Efficient electrodes

Stage 2 of the seawater electrolysis program.

Project is designing an electrolyser capable of splitting purified sea water to H2 and O2, by development of electrocatalysts.

Current works has demonstrated enhanced mass-activity of oxygen evolution catalysts by oxidatively induced etching (ACS Energy Lett. 2022, 7, 3910−3916).
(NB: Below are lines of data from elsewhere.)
section \<open>The triangle seen from one vertex\<close>

definition dist_gap :: "real \<times> real \<Rightarrow> real \<times> real \<Rightarrow> real \<times> real \<Rightarrow> real" where
  "dist_gap a b x = (dist x b)^2 - (dist x a)^2"

lemma compact_tri: "compact tri"
  unfolding tri_def by (intro compact_convex_hull finite_imp_compact) simp

lemma tri_sets [measurable]: "tri \<in> sets borel"
  using compact_tri by (intro borel_closed compact_imp_closed)

lemma set_integrable_tri:
  fixes f :: "real \<times> real \<Rightarrow> 'a::{banach, second_countable_topology}"
  assumes "continuous_on tri f"
  shows "set_integrable lborel tri f"
  unfolding set_integrable_def using compact_tri assms by (rule borel_integrable_compact)

lemma tri_nonneg: "x \<in> tri \<Longrightarrow> 0 \<le> fst x \<and> 0 \<le> snd x"
  unfolding tri_def convex_hull_3 by auto

locale equilateral_frame =
  fixes P0 P1 P2 :: "real \<times> real"
  assumes tri_eq: "tri = convex hull {P0, P1, P2}"
    and norm_edges: "norm (P1 - P0) = 1" "norm (P2 - P0) = 1"
    and inner_edges: "(P1 - P0) \<bullet> (P2 - P0) = 1/2"
begin

definition chart :: "real \<times> real \<Rightarrow> real \<times> real" where
  "chart z = P0 + fst z *\<^sub>R (P1 - P0) + snd z *\<^sub>R (P2 - P0)"

definition coords :: "real \<times> real \<Rightarrow> real \<times> real" where
  "coords a = ((a - P0) \<bullet> (P1 - P0), (a - P0) \<bullet> (P2 - P0))"

lemma inner_edges_self:
  "(P1 - P0) \<bullet> (P1 - P0) = 1" "(P2 - P0) \<bullet> (P2 - P0) = 1" "(P2 - P0) \<bullet> (P1 - P0) = 1/2"
  using norm_edges inner_edges by (simp_all add: power2_norm_eq_inner[symmetric] inner_commute)

lemma coords_chart: "coords (chart z) = gram z"
  by (simp add: coords_def chart_def gram_def inner_add_left inner_edges_self inner_edges)

lemma dist_chart_sq:
  "(dist (chart z) a)^2 = (fst z)^2 + fst z * snd z + (snd z)^2
     - 2 * fst z * fst (coords a) - 2 * snd z * snd (coords a) + (dist a P0)^2"
proof -
  define e1 e2 c where "e1 = P1 - P0" and "e2 = P2 - P0" and "c = a - P0"
  have "(dist (chart z) a)^2 = (norm (fst z *\<^sub>R e1 + snd z *\<^sub>R e2 - c))^2"
    by (simp add: dist_norm chart_def e1_def e2_def c_def algebra_simps)
  also have "\<dots> = (fst z)^2 * (e1 \<bullet> e1) + 2 * fst z * snd z * (e2 \<bullet> e1) + (snd z)^2 * (e2 \<bullet> e2)
      - 2 * fst z * (c \<bullet> e1) - 2 * snd z * (c \<bullet> e2) + c \<bullet> c"
    unfolding power2_norm_eq_inner by (simp add: inner_add_left inner_add_right inner_diff_left inner_diff_right
        inner_commute power2_eq_square algebra_simps)
  finally show ?thesis
    using inner_edges_self
    by (simp add: e1_def e2_def c_def coords_def dist_norm power2_norm_eq_inner)
qed

lemma det_edges_sq: "(fst (P1 - P0) * snd (P2 - P0) - fst (P2 - P0) * snd (P1 - P0))^2 = 3/4"
proof -
  define e1 e2 where "e1 = P1 - P0" and "e2 = P2 - P0"
  have "(fst e1 * snd e2 - fst e2 * snd e1)^2 = (e1 \<bullet> e1) * (e2 \<bullet> e2) - (e2 \<bullet> e1)^2"
    by (simp add: inner_prod_def power2_eq_square algebra_simps)
  then show ?thesis
    using inner_edges_self by (simp add: e1_def e2_def power2_eq_square)
qed

lemma norm_sq_qform: "(norm w)^2 = 4/3 * qform (w \<bullet> (P1 - P0), w \<bullet> (P2 - P0))"
proof -
  define e1 e2 where "e1 = P1 - P0" and "e2 = P2 - P0"
  have "(fst e1 * snd e2 - fst e2 * snd e1)^2 * (norm w)^2
      = (e2 \<bullet> e2) * (w \<bullet> e1)^2 - 2 * (e2 \<bullet> e1) * (w \<bullet> e1) * (w \<bullet> e2) + (e1 \<bullet> e1) * (w \<bullet> e2)^2"
    unfolding power2_norm_eq_inner by (simp add: inner_prod_def power2_eq_square algebra_simps)
  moreover have "(fst e1 * snd e2 - fst e2 * snd e1)^2 = 3/4" "e1 \<bullet> e1 = 1" "e2 \<bullet> e2 = 1" "e2 \<bullet> e1 = 1/2"
    using det_edges_sq inner_edges_self by (simp_all add: e1_def e2_def)
  ultimately have "3/4 * (norm w)^2 = qform (w \<bullet> e1, w \<bullet> e2)"
    by (simp add: qform_def)
  then show ?thesis
    by (simp add: e1_def e2_def)
qed

lemma dist_P0_sq: "(dist a P0)^2 = 4/3 * qform (coords a)"
  by (simp add: dist_norm norm_sq_qform coords_def)

lemma coords_inj: "coords a = coords b \<Longrightarrow> a = b"
  using norm_sq_qform[of "a - b"] by (simp add: coords_def inner_diff_left qform_def)

lemma chart_inj: "chart z = chart w \<Longrightarrow> z = w"
  using coords_chart gram_inj by metis

lemma chart_convex_combination: "chart z = (1 - fst z - snd z) *\<^sub>R P0 + fst z *\<^sub>R P1 + snd z *\<^sub>R P2"
  by (simp add: chart_def algebra_simps)

lemma chart_vertices: "chart (0, 0) = P0" "chart (1, 0) = P1" "chart (0, 1) = P2"
  by (simp_all add: chart_def)

lemma chart_measurable [measurable]: "chart \<in> borel_measurable borel"
  unfolding chart_def by (intro borel_measurable_continuous_onI continuous_intros)

lemma inj_chart: "inj chart"
  using chart_inj by (rule injI)

lemma tri_eq_chart_image: "tri = chart ` right_tri 1 1"
proof
  show "chart ` right_tri 1 1 \<subseteq> tri"
    unfolding tri_eq convex_hull_3 chart_convex_combination
    by (force simp: right_tri_def)
  show "tri \<subseteq> chart ` right_tri 1 1"
  proof
    fix x assume "x \<in> tri"
    then obtain r s t where "0 \<le> r" "0 \<le> s" "0 \<le> t" "r + s + t = 1" "x = r *\<^sub>R P0 + s *\<^sub>R P1 + t *\<^sub>R P2"
      unfolding tri_eq convex_hull_3 by auto
    then have "x = chart (s, t)" "(s, t) \<in> right_tri 1 1"
      by (auto simp: chart_convex_combination right_tri_def)
    then show "x \<in> chart ` right_tri 1 1"
      by blast
  qed
qed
A new family of electrocatalysts operating with ~90% selectivity for the oxygen evolution reaction in simulated seawater has been developed.

New electrolyser design for electrolysis of seawater without the use of expensive ion-selective membranes has been proposed.

 

Liquid H2 boil-off gas management

Current liquid hydrogen storage tanks rely on complex double-shelled configurations with active cooling to minimise boil off.

This project is assessing the feasibility of utilising para-ortho conversion for boil-off gas reduction through modelling and experimentation.

 

Ultra-low cost photovoltaics

Re-imagining solar photovoltaic PV at a utility-scale to drive down the levelised cost of energy by maximising the energy density of shipped PV and reducing the deployment costs.

This project is developing streamlined ultra-thin and low weight Si-PV, alongside novel deployment and solar tracking solutions to drive down the levelized cost of energy.

A 10kW pilot plant has currently been developed and deployed as a proof of concept.

 

Solid oxide electrolysis

Solid Oxide Electrolysis (SOEC) is an all-ceramic device, which operates at high temperature for applications such as hydrogen production via water splitting and carbon dioxide conversion into CO and other chemicals.

Significant efforts have been made to develop SOEC technology and demonstrate SOEC systems from lab to pilot scale over the last decades.

This project is prototyping next generation SOEC for water splitting and CO2 conversion.

 

Viable pathways for green methanol in the energy transition

Methanol has been identified as a key chemical industry feedstock and alternative fuel for decarbonization.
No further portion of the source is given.